Even with the cost advantages, water transport has taken a dive in recent decades.
“There was a period of growth in the naval industry during the 1970s and 1980s, but since 1990, beginning with the administration of [ex-President Fernando] Collor [de Melo], it’s been in decline,” says Meton Soares, the president of the National Federation of Maritime, Fluvial, Lacustrine and Port Traffic Enterprises (Fenavega) and vice president of the CNT. “The outcome is the almost complete lack of Brazilian ships working in international lanes.”
The abandonment of the Brazilian merchant marine fleet is as serious as the lack of investment in water transport, Soares says.
“We’re not opposed to seeing a foreign presence in the market, but we are against the absence of Brazilian companies in the shaping of water transport policies,” he says.
In the 1970s and 1980s, Brazil shipped as much as 47% of its freight in vessels sailing under the national flag. Now, the figure is less than 1%, according to Fenavega.
Integrated transport is the solution
Integrated transport – complementary utilization of highways, railways and waterways – is the ideal solution for a country of continental proportions, such as Brazil, Fenavega says.
“What’s currently holding up progress the water transport sector is the bureaucracy involved in its expansion,” says Paulo Caleffi, general secretary of the Interamerican Chamber of Transport (CIT).
Water usage is controlled by two national agencies – ANTAQ and the National Water Agency (ANA).
“When it comes to the rivers, priority is given to building hydroelectric plants, without any thought to making provisions for water transport,” Caleffi says. “This winds up invalidating the country’s most economically viable mode of transport.”
Success stories from the water transport sector should be taken into consideration, Caleffi says.
One of the successful initiatives is the transport of more than 3 million tons of grain annually between Porto Velho-Itacoatiara and Santarém, in northern Brazil, which reduces highway traffic to Paraná state’s Paranaguá port and São Paulo state’s Santos port.
Improvements stimulate investments
The main obstacle facing the water transport sector is adequate dredging, analysts say.
“The terminals aren’t prepared for today’s needs. There are practically no investments being made,” says Ático Scherer, the operational director of Navegação Aliança, part of the Trevisa group, which has a fleet of 16 vessels sailing out of Rio Grande do Sul state.
Another cause for concern is the lack of qualified labor, Scherer says.
“Some deals don’t get done because it’s impossible to access the port,” Scherer says. “There are a series of problems facing the water transport sector.”
The lack of opportunities also led to the abandonment of passenger service along the rivers connecting Porto Alegre and Guaíba, in Rio Grande do Sul.
After 50 years without service, the 15-km stretch (9.3 miles) will be covered by Catsul, a company from Ouro e Prata business group.
Ouro e Prata works with a company called Tapajós in northern Brazil, transporting roughly 250,000 passengers annually in Pará state, between the city of Santarém and neighboring cities.
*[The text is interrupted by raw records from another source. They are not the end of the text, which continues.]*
(* Let $M\in\mathrm{M}_n(\mathbb{K})$. If there exists a nonzero $M$-code $\mathcal{C}\subsetneq\mathbb{L}^n$ with parameters $[n,k]$ that is MRD, i.e. $M_1(\mathcal{C})=n-k+1$, then the minimal polynomial of $M$ is $\mu_M=\pi^\ell$ for some integer $\ell\ge1$ and some monic polynomial $\pi\in\mathbb{K}[x]$ irreducible over $\mathbb{K}$.
   Context: Let $\mathbb{L}/\mathbb{K}$ be a field extension of finite degree $m$, and $n\ge 1$ an integer with $m\ge n$ (standing assumption). Vectors are row vectors. For $c=(c_1,\dots,c_n)\in\mathbb{L}^n$, $\mathrm{Rsupp}(c)\subseteq\mathbb{K}^n$ is the $\mathbb{K}$-row space of the $m\times n$ matrix over $\mathbb{K}$ whose $j$-th column is the coordinate vector of $c_j$ in a fixed $\mathbb{K}$-basis of $\mathbb{L}$, and $\mathrm{wt}_R(c)=\dim_{\mathbb{K}}\mathrm{Rsupp}(c)$; for an $\mathbb{L}$-subspace $\mathcal{D}$, $\mathrm{wt}_R(\mathcal{D})$ is the $\mathbb{K}$-dimension of the span of all $\mathrm{Rsupp}(d)$, $d\in\mathcal{D}$. For a linear $[n,k]$ code $\mathcal{C}$ and $1\le r\le k$, $M_r(\mathcal{C})=\min\{\mathrm{wt}_R(\mathcal{D}):\mathcal{D}\subseteq\mathcal{C},\dim_{\mathbb{L}}\mathcal{D}=r\}$. For $M\in\mathrm{M}_n(\mathbb{K})$, a linear code $\mathcal{C}\subseteq\mathbb{L}^n$ is an $M$-code if $cM^t\in\mathcal{C}$ for all $c\in\mathcal{C}$. *)

theory Defs
  imports "HOL-Analysis.Analysis" "HOL-Computational_Algebra.Computational_Algebra"
begin

(* L/K is modelled by two field types 'K, 'L and a ring embedding emb : 'K => 'L. *)
definition field_emb :: "('K::field \<Rightarrow> 'L::field) \<Rightarrow> bool" where
  "field_emb emb \<longleftrightarrow> emb 1 = 1 \<and> (\<forall>x y. emb (x + y) = emb x + emb y) \<and>
     (\<forall>x y. emb (x * y) = emb x * emb y)"

(* b : 'm => 'L is a K-basis of L (so [L:K] = CARD('m)) *)
definition is_K_basis :: "('K::field \<Rightarrow> 'L::field) \<Rightarrow> ('m::finite \<Rightarrow> 'L) \<Rightarrow> bool" where
  "is_K_basis emb b \<longleftrightarrow> (\<forall>l. \<exists>!a::'K^'m. l = (\<Sum>i\<in>UNIV. emb (a $ i) * b i))"

definition coord :: "('K::field \<Rightarrow> 'L::field) \<Rightarrow> ('m::finite \<Rightarrow> 'L) \<Rightarrow> 'L \<Rightarrow> 'K^'m" where
  "coord emb b l = (THE a. l = (\<Sum>i\<in>UNIV. emb (a $ i) * b i))"

definition coord_matrix :: "('K::field \<Rightarrow> 'L::field) \<Rightarrow> ('m::finite \<Rightarrow> 'L) \<Rightarrow> 'L^'n \<Rightarrow> 'K^'n^'m" where
  "coord_matrix emb b c = (\<chi> i j. coord emb b (c $ j) $ i)"

definition Rsupp :: "('K::field \<Rightarrow> 'L::field) \<Rightarrow> ('m::finite \<Rightarrow> 'L) \<Rightarrow> 'L^'n \<Rightarrow> ('K^'n) set" where
  "Rsupp emb b c = vec.span (range (\<lambda>i. row i (coord_matrix emb b c)))"

definition wtR :: "('K::field \<Rightarrow> 'L::field) \<Rightarrow> ('m::finite \<Rightarrow> 'L) \<Rightarrow> 'L^'n \<Rightarrow> nat" where
  "wtR emb b c = vec.dim (Rsupp emb b c)"

definition wtR_space :: "('K::field \<Rightarrow> 'L::field) \<Rightarrow> ('m::finite \<Rightarrow> 'L) \<Rightarrow> ('L^'n) set \<Rightarrow> nat" where
  "wtR_space emb b D = vec.dim (vec.span (\<Union>d\<in>D. Rsupp emb b d))"

definition gen_rank_weight :: "('K::field \<Rightarrow> 'L::field) \<Rightarrow> ('m::finite \<Rightarrow> 'L) \<Rightarrow> nat \<Rightarrow> ('L^'n) set \<Rightarrow> nat" where
  "gen_rank_weight emb b r C =
     Min {wtR_space emb b D | D. vec.subspace D \<and> D \<subseteq> C \<and> vec.dim D = r}"

(* C is an M-code: c M^t \<in> C for all c \<in> C, i.e. M c^t (M mapped into L) *)
definition is_M_code :: "('K::field \<Rightarrow> 'L::field) \<Rightarrow> 'K^'n^'n \<Rightarrow> ('L^'n) set \<Rightarrow> bool" where
  "is_M_code emb M C \<longleftrightarrow> vec.subspace C \<and> (\<forall>c\<in>C. map_matrix emb M *v c \<in> C)"

primrec mat_pow :: "'a::semiring_1^'n^'n \<Rightarrow> nat \<Rightarrow> 'a^'n^'n" where
  "mat_pow M 0 = mat 1"
| "mat_pow M (Suc k) = M ** mat_pow M k"

definition poly_mat :: "'a::comm_ring_1 poly \<Rightarrow> 'a^'n^'n \<Rightarrow> 'a^'n^'n" where
  "poly_mat p M = (\<Sum>i\<le>degree p. mat (coeff p i) ** mat_pow M i)"

definition min_poly_mat :: "'a::field^'n^'n \<Rightarrow> 'a poly" where
  "min_poly_mat M = (THE p. lead_coeff p = 1 \<and> poly_mat p M = 0 \<and>
       (\<forall>q. q \<noteq> 0 \<and> poly_mat q M = 0 \<longrightarrow> degree p \<le> degree q))"

end

theory Submission
  imports Defs
begin

(*
  If the minimal polynomial of M is not a power of an irreducible polynomial, it factors as
  f g with f, g of positive degree and s f + t g = 1.  Then K^n = V1 + V2 is a direct sum with
  V1 = ker f(M) and V2 = ker g(M) both nonzero, the idempotents (t g)(M) and (s f)(M) being the
  projections.  An M-code is stable under these projections, so C = C1 + C2 (direct) with
  Ci = C \<inter> (Vi \<otimes> L), where Vi \<otimes> L consists of the vectors whose rank support lies in Vi.
  Inside Vi \<otimes> L a dimension count gives a Singleton bound: a nonzero subcode of dimension ki
  contains a nonzero word of rank weight at most dim Vi - ki + 1.  For an MRD code,
  d = n - k + 1, and adding the two bounds forces k = n if both Ci are nonzero, while
  C2 = 0 gives d \<le> dim V1 - k + 1 < d.
*)

section \<open>Matrix polynomials\<close>

lemma matrix_mat_mult_commute: "A ** mat c = mat c ** (A::'a::comm_semiring_1^'n^'n)"
  by (simp add: matrix_matrix_mult_def mat_def vec_eq_iff if_distrib[of "\<lambda>x. _ * x"]
      if_distrib[of "\<lambda>x. x * _"] sum.delta' cong: if_cong) (simp add: mult.commute)

lemma mat_matrix_mult_left_commute:
  "mat c ** ((A::'a::comm_semiring_1^'n^'n) ** B) = A ** (mat c ** B)"
  by (metis matrix_mul_assoc matrix_mat_mult_commute)

lemma mat_mult_mat: "mat a ** mat c = (mat (a * c) :: 'a::comm_semiring_1^'n^'n)"
  by (simp add: matrix_matrix_mult_def mat_def vec_eq_iff if_distrib[of "\<lambda>x. _ * x"]
      sum.delta' cong: if_cong)

lemma mat_add_mat: "mat a + mat c = (mat (a + c) :: 'a::semiring_1^'n^'n)"
  by (simp add: mat_def vec_eq_iff)

lemma matrix_add_rdistrib: "((A::'a::semiring_1^'n^'m) + B) ** C = A ** C + B ** C"
  by (vector matrix_matrix_mult_def sum.distrib[symmetric] field_simps)

lemma matrix_mult_sum_right: "(A::'a::semiring_1^'n^'m) ** sum f S = (\<Sum>i\<in>S. A ** f i)"
  by (induction S rule: infinite_finite_induct) (auto simp: matrix_add_ldistrib)

lemma mat_matrix_vector_mult: "mat a *v x = a *s (x::'a::semiring_1^'n)"
  by (simp add: vec_eq_iff matrix_vector_mult_def mat_def if_distrib[of "\<lambda>x. x * _"]
      sum.delta cong: if_cong)

lemma poly_mat_eq_sum_lessThan:
  assumes "degree p < N"
  shows "poly_mat p M = (\<Sum>i<N. mat (coeff p i) ** mat_pow M i)"
  unfolding poly_mat_def
  by (rule sum.mono_neutral_left) (use assms in \<open>auto simp: coeff_eq_0\<close>)

lemma poly_mat_0 [simp]: "poly_mat 0 M = 0"
  by (simp add: poly_mat_def)

lemma poly_mat_1 [simp]: "poly_mat 1 M = mat 1"
  by (simp add: poly_mat_def)

lemma poly_mat_pCons: "poly_mat (pCons a p) M = mat a + M ** poly_mat p M"
proof -
  let ?N = "Suc (degree p)"
  have "poly_mat (pCons a p) M = (\<Sum>i<Suc ?N. mat (coeff (pCons a p) i) ** mat_pow M i)"
    by (rule poly_mat_eq_sum_lessThan) (simp add: degree_pCons_le le_imp_less_Suc)
  also have "\<dots> = mat a + (\<Sum>i<?N. mat (coeff p i) ** (M ** mat_pow M i))"
    by (subst sum.lessThan_Suc_shift) simp
  also have "(\<Sum>i<?N. mat (coeff p i) ** (M ** mat_pow M i)) =
      M ** (\<Sum>i<?N. mat (coeff p i) ** mat_pow M i)"
    by (simp only: matrix_mult_sum_right mat_matrix_mult_left_commute)
  also have "(\<Sum>i<?N. mat (coeff p i) ** mat_pow M i) = poly_mat p M"
    by (rule poly_mat_eq_sum_lessThan[symmetric]) simp
  finally show ?thesis .
qed

lemma poly_mat_add: "poly_mat (p + q) M = poly_mat p M + poly_mat q M"
  by (induction p q rule: poly_induct2)
    (simp_all add: poly_mat_pCons matrix_add_ldistrib mat_add_mat[symmetric] algebra_simps)

lemma poly_mat_smult: "poly_mat (smult a p) M = mat a ** poly_mat p M"
  by (induction p) (simp_all add: poly_mat_pCons matrix_add_ldistrib mat_mult_mat
      mat_matrix_mult_left_commute)

lemma poly_mat_mult: "poly_mat (p * q) M = poly_mat p M ** poly_mat q M"
  by (induction p) (simp_all add: poly_mat_add poly_mat_smult poly_mat_pCons
      matrix_add_rdistrib matrix_mul_assoc)

lemma poly_mat_diff: "poly_mat (p - q) M = poly_mat p M - poly_mat q M"
  using poly_mat_add[of "p - q" q M] by (simp add: eq_diff_eq)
The number of passengers is 10 times larger today than in 2007, when it had just two vessels.
Now, it has six vessels.
The reason for growth? Investments.
“It’s the only means of transportation in that area, that’s why it’s so strong,” points out Carlos August Bernaud, Catsul operational director. “We decided to make the necessary investments and we came in with modern, fast equipment.”
The medium-term outlook for the Porto Alegre-Guaíba line is 2,000 passengers daily. Each trip is expected to cost between R$6 (US$3.60) and R$7 (US$4.20).
Yet the main selling point will be the time it takes to make the trip along the Guaíba River: 20 minutes, compared with more than an hour during rush hour on land.
Nelza Oliveira contributed from Rio de Janeiro.